__WORK INSTRUCTIONS__. Please copy each line below that contains the string "column".

Stored data:
(* Let $X,Z\in\mathbb{R}^{n\times r}$ with $XX^{T}\ne ZZ^{T}$, and let $r^{\star}=\mathrm{rank}(Z)$ with $1\le r^{\star}\le r$. Let $Z_{\perp}=(I-XX^{\dagger})Z$, $$\alpha=\frac{\|Z_{\perp}Z_{\perp}^{T}\|_{F}}{\|XX^{T}-ZZ^{T}\|_{F}},\qquad\beta=\frac{\sigma_{\min}^{2}(X)}{\|XX^{T}-ZZ^{T}\|_{F}}\cdot\frac{\mathrm{tr}(Z_{\perp}Z_{\perp}^{T})}{\|Z_{\perp}Z_{\perp}^{T}\|_{F}}.$$ Then: (1) if $\beta\le\alpha$, then $\alpha^{2}+(r/r^{\star})\beta^{2}\le1$; (2) if $\beta\ge\alpha$, then $\alpha\le1/\sqrt{1+r/r^{\star}}$.
   Context: $A^{\dagger}$ is the Moore–Penrose pseudoinverse and $\sigma_{\min}(X)$ the $r$-th singular value of $X$. When $Z_{\perp}=0$, $\beta$ may be taken as $\sigma_{\min}^{2}(X)/\|XX^{T}-ZZ^{T}\|_{F}$. *)

theory Defs
  imports "HOL-Analysis.Analysis"
begin

definition frob_norm :: "real^'n^'m \<Rightarrow> real" where
  "frob_norm A = sqrt (\<Sum>i\<in>UNIV. \<Sum>j\<in>UNIV. (A$i$j)^2)"

definition pinv :: "real^'n^'m \<Rightarrow> real^'m^'n" where
  "pinv A = (THE B. A ** B ** A = A \<and> B ** A ** B = B \<and>
                    transpose (A ** B) = A ** B \<and> transpose (B ** A) = B ** A)"

definition min_eigenvalue :: "real^'n^'n \<Rightarrow> real" where
  "min_eigenvalue A = Min {c. \<exists>v. v \<noteq> 0 \<and> A *v v = c *\<^sub>R v}"

definition sigma_min :: "real^'r^'n \<Rightarrow> real" where
  "sigma_min X = sqrt (min_eigenvalue (transpose X ** X))"

end

theory Submission
  imports Defs
begin

text \<open>Write \<open>P = X X\<^sup>\<dagger>\<close> (the orthogonal projection onto the column space of \<open>X\<close>),
  \<open>Z\<^sub>1 = P Z\<close>, \<open>Zp = (I - P) Z\<close>, \<open>s = \<sigma>\<^sub>m\<^sub>i\<^sub>n\<^sup>2(X)\<close>, \<open>t = \<parallel>Zp\<parallel>\<^sup>2 = tr(Zp Zp\<^sup>T)\<close>,
  \<open>F = \<parallel>Zp Zp\<^sup>T\<parallel>\<^sup>2\<close> and \<open>D = \<parallel>X X\<^sup>T - Z Z\<^sup>T\<parallel>\<close>, so that \<open>\<alpha> = \<surd>F / D\<close> and \<open>\<beta> = s t / (D \<surd>F)\<close>.
  The block decomposition of \<open>X X\<^sup>T - Z Z\<^sup>T\<close> with respect to \<open>P\<close> gives
  \<open>D\<^sup>2 - F = \<parallel>X X\<^sup>T - Z\<^sub>1 Z\<^sub>1\<^sup>T\<parallel>\<^sup>2 + 2 \<parallel>Z\<^sub>1 Zp\<^sup>T\<parallel>\<^sup>2\<close>.
  If \<open>s > 0\<close>, take an orthonormal eigenbasis \<open>E\<close> of \<open>Z\<^sub>1 Z\<^sub>1\<^sup>T\<close> on the \<open>r\<close>-dimensional column
  space of \<open>X\<close>; there \<open>e\<^sup>T X X\<^sup>T e \<ge> s\<close>. The nonzero \<open>Z\<^sub>1\<^sup>T e\<close>, normalised, are orthonormal in the
  \<open>r\<^sup>\<star>\<close>-dimensional row space of \<open>Z\<close> and extend to an orthonormal basis \<open>B\<close> of it, with
  \<open>t = \<Sum>\<^sub>b \<parallel>Zp b\<parallel>\<^sup>2\<close> and \<open>\<Sum>\<^sub>b \<parallel>Zp b\<parallel>\<^sup>4 \<le> F\<close>. Estimating both norms on the right by their
  diagonal entries along \<open>E\<close>, and pairing each \<open>e\<close> with its image in \<open>B\<close>, gives for every
  \<open>c \<in> [0,1]\<close>
  \<open>(r - r\<^sup>\<star>) s\<^sup>2 + 2 c s t - c\<^sup>2 F \<le> D\<^sup>2 - F\<close>
  (trivially if \<open>s = 0\<close>); Cauchy--Schwarz over \<open>B\<close> gives \<open>t\<^sup>2 \<le> r\<^sup>\<star> F\<close>. Choosing \<open>c = s t / F\<close>
  when \<open>\<beta> \<le> \<alpha>\<close> (that is, \<open>s t \<le> F\<close>) and \<open>c = 1\<close> otherwise yields the two claims.\<close>

declare transpose_matrix_vector [simp del]

section \<open>Orthonormal sets\<close>

definition orthonormal :: "'a::real_inner set \<Rightarrow> bool" where
  "orthonormal B \<longleftrightarrow> pairwise orthogonal B \<and> (\<forall>b\<in>B. norm b = 1)"

lemma orthonormal_inner:
  assumes "orthonormal B" "b \<in> B" "c \<in> B"
  shows "b \<bullet> c = (if b = c then 1 else 0)"
  using assms by (auto simp: orthonormal_def pairwise_def orthogonal_def dot_square_norm)

lemma orthonormal_independent:
  fixes B :: "'a::euclidean_space set"
  assumes "orthonormal B"
  shows "independent B"
  using assms by (intro pairwise_orthogonal_independent) (auto simp: orthonormal_def)

lemma orthonormal_finite:
  fixes B :: "'a::euclidean_space set"
  assumes "orthonormal B"
  shows "finite B"
  using orthonormal_independent[OF assms] independent_imp_finite by blast

lemma orthonormal_coeff:
  fixes B :: "'a::euclidean_space set"
  assumes "orthonormal B" "b \<in> B"
  shows "b \<bullet> (\<Sum>c\<in>B. f c *\<^sub>R c) = f b"
  using orthonormal_finite[OF assms(1)] assms
  by (simp add: inner_sum_right orthonormal_inner if_distrib cong: if_cong)

lemma orthonormal_expand:
  fixes B :: "'a::euclidean_space set"
  assumes "orthonormal B" "x \<in> span B"
  shows "(\<Sum>b\<in>B. (b \<bullet> x) *\<^sub>R b) = x"
  using orthonormal_basis_expand[of B x] assms orthonormal_finite[OF assms(1)]
  by (simp add: orthonormal_def inner_commute)

lemma orthonormal_parseval:
  fixes B :: "'a::euclidean_space set"
  assumes "orthonormal B" "x \<in> span B"
  shows "x \<bullet> y = (\<Sum>b\<in>B. (b \<bullet> x) * (b \<bullet> y))"
  by (subst (1) orthonormal_expand[OF assms, symmetric]) (simp add: inner_sum_left)

lemma orthonormal_parseval_norm:
  fixes B :: "'a::euclidean_space set"
  assumes "orthonormal B" "x \<in> span B"
  shows "x \<bullet> x = (\<Sum>b\<in>B. (x \<bullet> b)\<^sup>2)"
  using orthonormal_parseval[OF assms, of x] by (simp add: power2_eq_square inner_commute)

lemma orthonormal_bessel:
  fixes B :: "'a::euclidean_space set"
  assumes "orthonormal B"
  shows "(\<Sum>b\<in>B. (x \<bullet> b)\<^sup>2) \<le> x \<bullet> x"
proof -
  define p where "p = (\<Sum>b\<in>B. (x \<bullet> b) *\<^sub>R b)"
  have "b \<bullet> p = x \<bullet> b" if "b \<in> B" for b
    unfolding p_def by (rule orthonormal_coeff[OF assms that])
  then have "p \<bullet> p = (\<Sum>b\<in>B. (x \<bullet> b)\<^sup>2)"
    by (subst (1) p_def) (simp add: inner_sum_left power2_eq_square)
  moreover have "x \<bullet> p = (\<Sum>b\<in>B. (x \<bullet> b)\<^sup>2)"
    by (simp add: p_def inner_sum_right power2_eq_square)
  moreover have "0 \<le> (x - p) \<bullet> (x - p)"
    by simp
  ultimately show ?thesis
    by (simp add: inner_diff inner_commute)
qed

lemma orthonormal_extend:
  fixes V :: "'a::euclidean_space set"
  assumes "orthonormal V" "V \<subseteq> S" "subspace S"
  obtains B where "V \<subseteq> B" "B \<subseteq> S" "orthonormal B" "span B = S"
proof -
  define U where "U = {x \<in> S. \<forall>v\<in>V. v \<bullet> x = 0}"
  have "subspace U"
    using assms(3) by (auto simp: U_def subspace_def inner_add_right)
  then obtain B' where B': "B' \<subseteq> U" "pairwise orthogonal B'" "\<And>x. x \<in> B' \<Longrightarrow> norm x = 1"
    "span B' = U"
    by (rule orthonormal_basis_subspace) blast
  have "v \<bullet> b = 0" "b \<bullet> v = 0" if "v \<in> V" "b \<in> B'" for v b
    using that B'(1) by (auto simp: U_def inner_commute)
  then have orth: "orthonormal (V \<union> B')"
    using assms(1) B'(2,3) unfolding orthonormal_def pairwise_def orthogonal_def by blast
  have "S \<subseteq> span (V \<union> B')"
  proof
    fix x assume "x \<in> S"
    define p where "p = (\<Sum>v\<in>V. (x \<bullet> v) *\<^sub>R v)"
    have "p \<in> S"
      unfolding p_def using assms(2,3) by (intro subspace_sum subspace_scale) auto
    have "v \<bullet> p = x \<bullet> v" if "v \<in> V" for v
      unfolding p_def by (rule orthonormal_coeff[OF assms(1) that])
    then have "x - p \<in> U"
      using \<open>x \<in> S\<close> \<open>p \<in> S\<close> assms(3) by (simp add: U_def subspace_diff inner_diff_right inner_commute)
    then have "x - p \<in> span (V \<union> B')"
      using B'(4) span_mono[of B' "V \<union> B'"] by blast
    moreover have "p \<in> span (V \<union> B')"
      unfolding p_def by (intro span_sum span_scale span_base) blast
    ultimately show "x \<in> span (V \<union> B')"
      using span_add by fastforce
  qed
  moreover have "B' \<subseteq> S"
    using B'(1) by (auto simp: U_def)
  moreover from this have "span (V \<union> B') \<subseteq> S"
    using assms(2,3) by (intro span_minimal) auto
  ultimately show thesis
    using that[of "V \<union> B'"] orth assms(2) by blast
qed

section \<open>Spectral theorem for symmetric matrices\<close>

lemma inner_transpose_matrix_vector:
  "(transpose A *v x) \<bullet> y = x \<bullet> ((A::real^'n^'m) *v y)"
  by (simp add: transpose_matrix_vector dot_lmul_matrix)

lemma inner_symmetric_matrix_vector:
  assumes "transpose G = G"
  shows "(G *v x) \<bullet> y = x \<bullet> ((G::real^'n^'n) *v y)"
  using inner_transpose_matrix_vector[of G] assms by simp

lemma symmetric_matrix_if_inner:
  fixes M :: "real^'n^'n"
  assumes "\<And>x y. (M *v x) \<bullet> y = x \<bullet> (M *v y)"
  shows "transpose M = M"
proof -
  have "(transpose M *v x - M *v x) \<bullet> y = 0" for x y
    using inner_transpose_matrix_vector[of M x y] assms[of x y] by (simp add: inner_diff_left)
  then show ?thesis
    by (metis eq_iff_diff_eq_0 inner_eq_zero_iff matrix_eq)
qed

lemma quadratic_nonpos_imp_linear_coeff_0:
  fixes a b :: real
  assumes "\<And>e. 2 * e * a + e\<^sup>2 * b \<le> 0"
  shows "a = 0"
proof -
  define c where "c = \<bar>b\<bar> + 1"
  have "c > 0" "2 * c + b > 0"
    by (auto simp: c_def)
  have "a\<^sup>2 * (2 * c + b) = (2 * (a / c) * a + (a / c)\<^sup>2 * b) * c\<^sup>2"
    using \<open>c > 0\<close> by (simp add: field_simps power2_eq_square)
  also have "\<dots> \<le> 0"
    using assms[of "a / c"] by (simp add: mult_nonpos_nonneg)
  finally have "a\<^sup>2 \<le> 0"
    using \<open>2 * c + b > 0\<close> by (simp add: mult_le_0_iff)
  then show ?thesis by simp
qed

lemma rayleigh_maximizer_is_eigenvector:
  fixes G :: "real^'n^'n"
  assumes sym: "transpose G = G" and S: "subspace S" "\<forall>x\<in>S. G *v x \<in> S"
    and v: "v \<in> S" "v \<bullet> v = 1"
    and max: "\<And>y. y \<in> S \<Longrightarrow> y \<bullet> (G *v y) \<le> (v \<bullet> (G *v v)) * (y \<bullet> y)"
  shows "G *v v = (v \<bullet> (G *v v)) *\<^sub>R v"
proof -
  define l where "l = v \<bullet> (G *v v)"
  define w where "w = G *v v - l *\<^sub>R v"
  have "w \<in> S"
    using S v(1) by (simp add: w_def subspace_diff subspace_scale)
  \<comment> \<open>First-order optimality of \<open>v\<close> in the direction \<open>w \<in> S\<close>.\<close>
  have "w \<bullet> (G *v v) - l * (v \<bullet> w) = 0"
  proof (rule quadratic_nonpos_imp_linear_coeff_0)
    fix e :: real
    have "v + e *\<^sub>R w \<in> S"
      using S(1) v(1) \<open>w \<in> S\<close> by (simp add: subspace_add subspace_scale)
    from max[OF this] have "l + 2 * e * (w \<bullet> (G *v v)) + e\<^sup>2 * (w \<bullet> (G *v w))
        \<le> l * (1 + 2 * e * (v \<bullet> w) + e\<^sup>2 * (w \<bullet> w))"
      using inner_symmetric_matrix_vector[OF sym, of w v] v(2)
      by (simp add: l_def matrix_vector_right_distrib matrix_vector_mult_scaleR inner_add_left
          inner_add_right power2_eq_square algebra_simps inner_commute)
    then show "2 * e * (w \<bullet> (G *v v) - l * (v \<bullet> w)) + e\<^sup>2 * (w \<bullet> (G *v w) - l * (w \<bullet> w)) \<le> 0"
      by (simp add: algebra_simps)
  qed
  then have "w \<bullet> w = 0"
    by (simp add: w_def inner_diff_left inner_diff_right inner_commute algebra_simps)
  then show ?thesis by (simp add: w_def l_def)
qed

lemma rayleigh_maximizer_exists:
  fixes G :: "real^'n^'n"
  assumes S: "subspace S" "x \<in> S" "x \<noteq> 0"
  obtains v where "v \<in> S" "v \<bullet> v = 1" "\<And>y. y \<in> S \<Longrightarrow> y \<bullet> (G *v y) \<le> (v \<bullet> (G *v v)) * (y \<bullet> y)"
proof -
  define K where "K = S \<inter> sphere 0 1"
  have "(1 / norm x) *\<^sub>R x \<in> K"
    using S by (auto simp: K_def subspace_scale)
  moreover have "compact K"
    unfolding K_def by (intro closed_Int_compact closed_subspace S(1) compact_sphere)
  moreover have "continuous_on K (\<lambda>y. y \<bullet> (G *v y))"
    by (intro continuous_intros linear_continuous_on matrix_vector_mul_linear)
      (auto intro!: linear_linear)
  ultimately obtain v where "v \<in> K" and vmax: "\<And>y. y \<in> K \<Longrightarrow> y \<bullet> (G *v y) \<le> v \<bullet> (G *v v)"
    using continuous_attains_sup by (metis empty_iff)
  moreover have "y \<bullet> (G *v y) \<le> (v \<bullet> (G *v v)) * (y \<bullet> y)" if "y \<in> S" for y
  proof (cases "y = 0")
    case False
    then have "(1 / norm y) *\<^sub>R y \<in> K"
      using that S(1) by (auto simp: K_def subspace_scale)
    from vmax[OF this] show ?thesis
      using False by (simp add: matrix_vector_mult_scaleR dot_square_norm power2_eq_square
          divide_le_eq mult.commute)
  qed simp
  ultimately show thesis
    using that by (auto simp: K_def dot_square_norm)
qed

__OUTPUT OF THE TASK__.
text \<open>Write \<open>P = X X\<^sup>\<dagger>\<close> (the orthogonal projection onto the column space of \<open>X\<close>),
  If \<open>s > 0\<close>, take an orthonormal eigenbasis \<open>E\<close> of \<open>Z\<^sub>1 Z\<^sub>1\<^sup>T\<close> on the \<open>r\<close>-dimensional column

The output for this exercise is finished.